On Wednesday, I went to the Museum of Fine Arts for this year’s (belated) birthday trip, just as I did last year. While I was there, I read the journal entry I’d written but never blogged last year:


It’s St. Patrick’s Day, and I’m having lunch at the MFA: my belated birthday trip. I’ve spent the past almost-hour wandering the galleries, not looking at anything in particular: just looking.


Several years ago, before the pandemic, A (not her real initial) and I coined the term “museum bathing” for this activity of wandering a museum, soaking up the space. They say spending time in the woods–what the Japanese call “forest bathing”–has a beneficial effect on one’s mental and physical health–and I’d argue the same is true of museums and other sacred spaces. The act of being in a space devoted to beauty has a healthful effect. I can feel the outside world and its worries falling away.

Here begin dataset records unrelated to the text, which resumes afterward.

(* Let $p$ be a prime and let $A\subseteq\mathbb{Z}_p^2$ with $|A|=p-1+\mathrm{Ol}(\mathbb{Z}_p)$. Let $U\le\mathbb{Z}_p^2$ be a subgroup with $U\cong\mathbb{Z}_p$, let $B\subseteq A$, let $\pi:\mathbb{Z}_p^2\to\mathbb{Z}_p$ be a surjective homomorphism with kernel $U$, and let $x_1,\dots,x_p$ be representatives of the cosets of $U$ in $\mathbb{Z}_p^2$. For $x\in\mathbb{Z}_p^2$ and a set $C$ write $N(x,U,C)=|C\cap(x+U)|$. Suppose that every element of $\mathbb{Z}_p$ is the sum of some (possibly empty) sub-multiset of the multiset $\pi(B)=\{\pi(b):b\in B\}$, and that \[ \sum_{i=1}^{p}\left\lfloor \frac{N(x_i,U,A\setminus B)}{2}\right\rfloor\left\lceil \frac{N(x_i,U,A\setminus B)}{2}\right\rceil\geq p+1. \] Then $A$ contains a non-empty subset whose sum is $0$.
   Context: $\mathrm{Ol}(\mathbb{Z}_p)$ denotes the smallest integer $k$ such that every set of $k$ distinct elements of $\mathbb{Z}_p$ contains a non-empty subset with sum $0$. *)

theory Defs
  imports Main "HOL-Computational_Algebra.Primes"
begin

text \<open>Z_p is modelled by the integers {0..<p} with addition mod p;
  Z_p^2 by pairs of such integers with componentwise addition mod p.\<close>

definition Zp :: "int \<Rightarrow> int set" where
  "Zp p = {0..<p}"

definition Zp2 :: "int \<Rightarrow> (int \<times> int) set" where
  "Zp2 p = Zp p \<times> Zp p"

definition addp :: "int \<Rightarrow> int \<Rightarrow> int \<Rightarrow> int" where
  "addp p a b = (a + b) mod p"

definition add2 :: "int \<Rightarrow> int \<times> int \<Rightarrow> int \<times> int \<Rightarrow> int \<times> int" where
  "add2 p x y = ((fst x + fst y) mod p, (snd x + snd y) mod p)"

definition neg2 :: "int \<Rightarrow> int \<times> int \<Rightarrow> int \<times> int" where
  "neg2 p x = ((- fst x) mod p, (- snd x) mod p)"

definition sum2 :: "int \<Rightarrow> (int \<times> int) set \<Rightarrow> int \<times> int" where
  "sum2 p T = ((\<Sum>t\<in>T. fst t) mod p, (\<Sum>t\<in>T. snd t) mod p)"

definition Ol :: "int \<Rightarrow> nat" where
  "Ol p = (LEAST k. \<forall>S \<subseteq> Zp p. card S = k \<longrightarrow>
              (\<exists>T \<subseteq> S. T \<noteq> {} \<and> (\<Sum>T) mod p = 0))"

definition is_subgroup2 :: "int \<Rightarrow> (int \<times> int) set \<Rightarrow> bool" where
  "is_subgroup2 p U \<longleftrightarrow> U \<subseteq> Zp2 p \<and> (0, 0) \<in> U \<and>
     (\<forall>x\<in>U. \<forall>y\<in>U. add2 p x y \<in> U) \<and> (\<forall>x\<in>U. neg2 p x \<in> U)"

definition iso_to_Zp :: "int \<Rightarrow> (int \<times> int) set \<Rightarrow> bool" where
  "iso_to_Zp p U \<longleftrightarrow> (\<exists>\<phi>. bij_betw \<phi> (Zp p) U \<and>
     (\<forall>a\<in>Zp p. \<forall>b\<in>Zp p. \<phi> (addp p a b) = add2 p (\<phi> a) (\<phi> b)))"

definition coset2 :: "int \<Rightarrow> int \<times> int \<Rightarrow> (int \<times> int) set \<Rightarrow> (int \<times> int) set" where
  "coset2 p x U = add2 p x ` U"

definition N :: "int \<Rightarrow> int \<times> int \<Rightarrow> (int \<times> int) set \<Rightarrow> (int \<times> int) set \<Rightarrow> nat" where
  "N p x U C = card (C \<inter> coset2 p x U)"

end

theory Submission
  imports Defs "HOL-Computational_Algebra.Polynomial" "HOL-Library.FuncSet"
    "HOL-Library.Product_Lexorder" "HOL-Number_Theory.Cong"
begin
(* Let $n$ be a positive integer and let $A(n)=(a_{ij})_{i,j\in\mathbb{N}}$ be the greedy matrix described in the context. For every $i\geq 1$ there exists $j$ with $1\leq j\leq i$ and $a_{ij}=1$.
   Context: $\mathbb{N}=\{1,2,3,\dots\}$. Fix a positive integer $n$. The infinite $\{0,1\}$-matrix $A(n)=(a_{ij})_{i,j\in\mathbb{N}}$ is defined recursively. Its entries are determined row by row (row $1$ first), and within each row from left to right, so that $a_{kl}$ is determined after all $a_{ij}$ with $i<k$ and all $a_{kj}$ with $j<l$. One sets $a_{kl}=1$ if and only if all of the following hold: (1) $\sum_{j<l}a_{kj}<n+1$; (2) $\sum_{i<k}a_{il}<n+1$; (3) there is no pair $(i,j)$ with $1\le i<k$, $1\le j<l$ and $a_{ij}=a_{il}=a_{kj}=1$. Otherwise $a_{kl}=0$. *)

theory Defs
  imports Main
begin

text \<open>Indices are 1-based (rows and columns range over
positive naturals); entries at index 0 are irrelevant and set to False.
greedy n k l is True iff a_{kl} = 1. Every entry referenced when determining
a_{kl} has row index at most k and column index at most l, and is not (k,l),
so recursion terminates on k + l.\<close>

function greedy :: "nat \<Rightarrow> nat \<Rightarrow> nat \<Rightarrow> bool" where
  "greedy n k l =
     (if k = 0 \<or> l = 0 then False
      else (\<Sum>j\<in>{1..<l}. if greedy n k j then 1 else 0::nat) < n + 1
         \<and> (\<Sum>i\<in>{1..<k}. if greedy n i l then 1 else 0::nat) < n + 1
         \<and> \<not> (\<exists>i\<in>{1..<k}. \<exists>j\<in>{1..<l}.
                  greedy n i j \<and> greedy n i l \<and> greedy n k j))"
  by auto
termination
  by (relation "measure (\<lambda>(n, k, l). k + l)") auto

end

theory Submission
  imports Defs
begin

text \<open>Each row and each column of the greedy matrix contains at most \<open>n + 1\<close> ones.
If row \<open>i\<close> had no one in columns \<open>1..i\<close>, then each of these \<open>i\<close> columns would
already be full above row \<open>i\<close>: nothing in row \<open>i\<close> to the left can close a rectangle,
so only condition (2) can have rejected the entry. Counting the ones of the
\<open>(i - 1) \<times> i\<close> block above row \<open>i\<close> by columns gives at least \<open>i (n + 1)\<close>, by rows at most
\<open>(i - 1) (n + 1)\<close>, a contradiction.\<close>

declare greedy.simps [simp del]

lemma greedy_row_prefix_count_le:
  "(\<Sum>j\<in>{1..<l}. if greedy n k j then 1 else 0::nat) \<le> n + 1"
proof (induction l)
  case 0
  then show ?case by simp
next
  case (Suc l)
  show ?case
  proof (cases "l \<ge> 1 \<and> greedy n k l")
    case True
    then have "(\<Sum>j\<in>{1..<l}. if greedy n k j then 1 else 0::nat) < n + 1"
      using greedy.simps [of n k l] by (auto split: if_splits)
    with True show ?thesis by (simp add: sum.atLeastLessThan_Suc)
  next
    case False
    with Suc.IH show ?thesis by (cases "l = 0") (auto simp add: sum.atLeastLessThan_Suc)
  qed
qed

lemma greedy_column_full_if_row_empty:
  assumes "k \<ge> 1" "l \<ge> 1" and row_empty: "\<forall>j\<in>{1..l}. \<not> greedy n k j"
  shows "n + 1 \<le> (\<Sum>i\<in>{1..<k}. if greedy n i l then 1 else 0::nat)"
proof -
  have "(\<Sum>j\<in>{1..<l}. if greedy n k j then 1 else 0::nat) = 0"
    using row_empty by simp
  moreover have "\<not> (\<exists>i\<in>{1..<k}. \<exists>j\<in>{1..<l}. greedy n i j \<and> greedy n i l \<and> greedy n k j)"
    using row_empty by auto
  moreover have "\<not> greedy n k l"
    using row_empty \<open>l \<ge> 1\<close> by auto
  ultimately show ?thesis
    using assms(1,2) greedy.simps [of n k l] by (auto simp add: not_less)
qed

theorem lemma3p4:
  fixes n i :: nat
  assumes "n \<ge> 1" and "i \<ge> 1"
  shows "\<exists>j. 1 \<le> j \<and> j \<le> i \<and> greedy n i j"
proof (rule ccontr)
  assume "\<not> (\<exists>j. 1 \<le> j \<and> j \<le> i \<and> greedy n i j)"
  then have row_empty: "\<forall>j\<in>{1..i}. \<not> greedy n i j" by auto
  define a where "a k j = (if greedy n k j then 1 else 0::nat)" for k j
  have "i * (n + 1) = (\<Sum>l\<in>{1..i}. n + 1)" by simp
  also have "\<dots> \<le> (\<Sum>l\<in>{1..i}. \<Sum>k\<in>{1..<i}. a k l)"
    using greedy_column_full_if_row_empty [of i _ n] \<open>i \<ge> 1\<close> row_empty
    by (intro sum_mono) (auto simp add: a_def)
  also have "\<dots> = (\<Sum>k\<in>{1..<i}. \<Sum>l\<in>{1..<Suc i}. a k l)"
    by (subst sum.swap) (simp add: atLeastLessThanSuc_atLeastAtMost)
  also have "\<dots> \<le> (\<Sum>k\<in>{1..<i}. n + 1)"
    unfolding a_def by (intro sum_mono greedy_row_prefix_count_le)
  also have "\<dots> = (i - 1) * (n + 1)" by simp
  finally show False
    using \<open>i \<ge> 1\<close> by (simp add: algebra_simps)
qed

end
text \<open>At \<open>t = 0\<close> and \<open>t = s\<close> only the Taylor coefficients of \<open>t\<^sup>N (t - s)\<^sup>N\<close>
  about these points of order \<open>\<ge> N\<close> survive; their binomial coefficients produce \<open>c\<^sub>n\<^sub>,\<^sub>k\<close>.\<close>
lemma parts_sum_endpoints:
  "parts_sum n s 0 - parts_sum n s s = fact (2 * Suc n) * gauss_integral_approx n s"
proof -
  define N where "N = Suc n"
  define F where "F j = (-1) ^ j * fact j * (coeff (bump_poly s N) j * aa (2 * N - 1 - j) 0
      - coeff (monom 1 N * [:s, 1:] ^ N) j * gauss_deriv (2 * N - 1 - j) s)" for j
  have "parts_sum n s 0 - parts_sum n s s = (\<Sum>j<2 * N. F j)"
    unfolding parts_sum_def N_def [symmetric] F_def sum_subtractf [symmetric]
    by (intro sum.cong refl) (simp add: poly_higher_pderiv_0 poly_higher_pderiv_eq_coeff_pcompose
        pcompose_bump_poly gauss_deriv_at_0 algebra_simps)
  also have "\<dots> = (\<Sum>j\<in>{N..<2 * N}. F j)"
    by (rule sum.mono_neutral_right) (auto simp: F_def bump_poly_def coeff_monom_mult_linear_power)
  also have "\<dots> = (\<Sum>k\<le>n. F (2 * n + 1 - k))"
    by (rule sum.reindex_bij_witness [where i = "\<lambda>k. 2 * n + 1 - k" and j = "\<lambda>j. 2 * n + 1 - j"])
      (auto simp: N_def)
  also have "\<dots> = (\<Sum>k\<le>n. fact (2 * N) * (cc n k * s ^ (k + 1)
                     * (aa k 0 + (-1) ^ k * poly (pp k) s * exp (- (s\<^sup>2)))))"
  proof (rule sum.cong [OF refl])
    fix k
    assume "k \<in> {..n}"
    then have k: "k \<le> n" by simp
    define j where "j = 2 * n + 1 - k"
    have idx: "\<not> j < N" "j - N = n - k" "2 * N - j = k + 1" "2 * N - 1 - j = k"
      using k by (auto simp: j_def N_def)
    have "even j \<longleftrightarrow> odd k"
      using k by (simp add: j_def)
    then have sign: "(-1::real) ^ j = - ((-1) ^ k)"
      by (simp add: minus_one_power_iff)
    have square: "(-1::real) ^ k * (-1) ^ k = 1"
      by (simp flip: power_add)
    have cf: "fact j * real (N choose (n - k)) = fact (2 * N) * cc n k"
      using fact_mult_cc [OF k] by (simp add: j_def N_def)
    have "F j = (fact j * real (N choose (n - k)))
        * (s ^ (k + 1) * (aa k 0 + (-1) ^ k * gauss_deriv k s))"
      unfolding F_def bump_poly_def coeff_monom_mult_linear_power idx sign
      by (simp add: idx power_minus [of s] algebra_simps square)
    also have "\<dots> = fact (2 * N) * (cc n k * s ^ (k + 1)
                     * (aa k 0 + (-1) ^ k * poly (pp k) s * exp (- (s\<^sup>2))))"
      unfolding cf gauss_deriv_def by (simp only: mult_ac)
    finally show "F (2 * n + 1 - k) = \<dots>"
      unfolding j_def .
  qed
  finally show ?thesis
    by (simp add: gauss_integral_approx_def sum_distrib_left N_def)
qed

lemma real_differentiable_bound_general:
  fixes f \<phi> :: "real \<Rightarrow> real"
  assumes "a \<le> b"
    and "continuous_on {a..b} f" "continuous_on {a..b} \<phi>"
    and "\<And>x. a < x \<Longrightarrow> x < b \<Longrightarrow> (f has_real_derivative f' x) (at x)"
    and "\<And>x. a < x \<Longrightarrow> x < b \<Longrightarrow> (\<phi> has_real_derivative \<phi>' x) (at x)"
    and "\<And>x. a < x \<Longrightarrow> x < b \<Longrightarrow> \<bar>f' x\<bar> \<le> \<phi>' x"
  shows "\<bar>f b - f a\<bar> \<le> \<phi> b - \<phi> a"
proof (cases "a = b")
  case False
  with assms show ?thesis
    using differentiable_bound_general [of a b f \<phi> f' \<phi>']
    by (simp add: has_real_derivative_iff_has_vector_derivative)
qed simp

definition gauss_integral :: "real \<Rightarrow> real" where
  "gauss_integral x = integral {0..x} (\<lambda>t. exp (- (t\<^sup>2)))"

lemma erf_eq_gauss_integral: "erf x = 2 / sqrt pi * gauss_integral x"
  by (simp add: erf_def gauss_integral_def)

lemma gauss_integral_0 [simp]: "gauss_integral 0 = 0"
  by (simp add: gauss_integral_def)

lemma gauss_integral_nonneg: "gauss_integral x \<ge> 0"
  unfolding gauss_integral_def
  by (intro integral_nonneg integrable_continuous_interval continuous_intros) simp

lemma continuous_on_gauss_integral: "continuous_on {0..x} gauss_integral"
  unfolding gauss_integral_def [abs_def]
  by (intro indefinite_integral_continuous_1 integrable_continuous_interval continuous_intros)

lemma gauss_integral_has_real_derivative:
  assumes "t > 0"
  shows "(gauss_integral has_real_derivative exp (- (t\<^sup>2))) (at t)"
proof -
  have "(gauss_integral has_real_derivative exp (- (t\<^sup>2))) (at t within {0..t + 1})"
    unfolding gauss_integral_def [abs_def] using assms
    by (intro integral_has_real_derivative continuous_intros) auto
  then show ?thesis
    using assms by (simp add: at_within_Icc_at)
qed

lemma abs_gauss_integral_minus_approx_le:
  assumes s: "s \<ge> 0"
  shows "\<bar>gauss_integral s - gauss_integral_approx n s\<bar>
         \<le> s * (s\<^sup>2 / 4) ^ Suc n * exp (Suc n) / real (Suc n) ^ Suc n"
proof -
  define N where "N = Suc n"
  define C where "C = (s\<^sup>2 / 4) ^ N * exp N / real N ^ N"
  define B where "B = fact (2 * N) * C"
  define \<Phi> where "\<Phi> t = parts_sum n s t + fact (2 * N) * gauss_integral t" for t
  have "sqrt (real N) ^ (2 * N) = real N ^ N"
    by (simp add: power_mult)
  then have gauss_deriv_bound: "\<bar>gauss_deriv (2 * N) t\<bar> \<le> fact (2 * N) * exp N / real N ^ N" for t
    using abs_gauss_deriv_le [of "sqrt N" "2 * N" t] by (simp add: N_def)
  have "\<bar>\<Phi> s - \<Phi> 0\<bar> \<le> B * s - B * 0"
  proof (rule real_differentiable_bound_general [OF s])
    show "continuous_on {0..s} \<Phi>"
      unfolding \<Phi>_def
      using parts_sum_has_real_derivative DERIV_isCont
      by (intro continuous_intros continuous_on_gauss_integral continuous_at_imp_continuous_on) blast+
    show "continuous_on {0..s} (\<lambda>t. B * t)"
      by (intro continuous_intros)
    fix t
    assume t: "0 < t" "t < s"
    show "(\<Phi> has_real_derivative poly (bump_poly s N) t * gauss_deriv (2 * N) t) (at t)"
      unfolding \<Phi>_def [abs_def] N_def
      using parts_sum_has_real_derivative gauss_integral_has_real_derivative t
      by (auto intro!: derivative_eq_intros)
    show "((\<lambda>t. B * t) has_real_derivative B) (at t)"
      by (auto intro!: derivative_eq_intros)
    show "\<bar>poly (bump_poly s N) t * gauss_deriv (2 * N) t\<bar> \<le> B"
      using mult_mono [OF abs_poly_bump_poly_le [of t s N] gauss_deriv_bound [of t]] t
      by (simp add: B_def C_def abs_mult field_simps)
  qed
  moreover have "\<Phi> s - \<Phi> 0 = fact (2 * N) * (gauss_integral s - gauss_integral_approx n s)"
    using parts_sum_endpoints [of n s] by (simp add: \<Phi>_def N_def algebra_simps)
  ultimately have "fact (2 * N) * \<bar>gauss_integral s - gauss_integral_approx n s\<bar>
      \<le> fact (2 * N) * (s * C)"
    by (simp add: B_def abs_mult mult.commute)
  then have "\<bar>gauss_integral s - gauss_integral_approx n s\<bar> \<le> s * C"
    by (simp add: mult_le_cancel_left_pos)
  then show ?thesis
    by (simp add: C_def N_def mult.assoc)
qed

You could even go so far as to say a museum is like a forest–an indoor, curated one, with paintings and sculptures and tapestries instead of trees and rocks and streams. A museum is a kind of ecosystem: the individual galleries are microhabitats, and they all work together in a harmonious whole.


The challenge when you visit a large museum is seeing the forest for the trees. Usually when I visit the MFA, I have a specific exhibit I want to see, so I zip through galleries to get to that particular thing. Today, though, there isn’t anything in particular I’m here to see, so I am free to wander without destination, turning this way or that depending on what looks interesting at the moment.


I can wander from Greek statues to Egyptian mummies to Buddhas being restored to contemporary posters to postcards to Regency interiors and back. When you don’t have a destination, there is no hurry; instead of making good time, you can take your time, stopping to look when something looks good.


One of the delights of the MFA, like any good forest, is the abundance of places to sit–benches in front of individual art works, and tables, chairs, and occasional couches in visually interesting corners–and in a museum like a forest, every corner is interesting if you take the time to look.

Map paintings

So that is today’s task: to wander and watch, letting my inner eye guide me. There is no need to see everything, just a chance to find a secret, interesting vantage point to watch and wait.



Although I wrote the text of today’s post last year, today’s photos are from Frank Bowling’s Americas, which is currently on view at the MFA.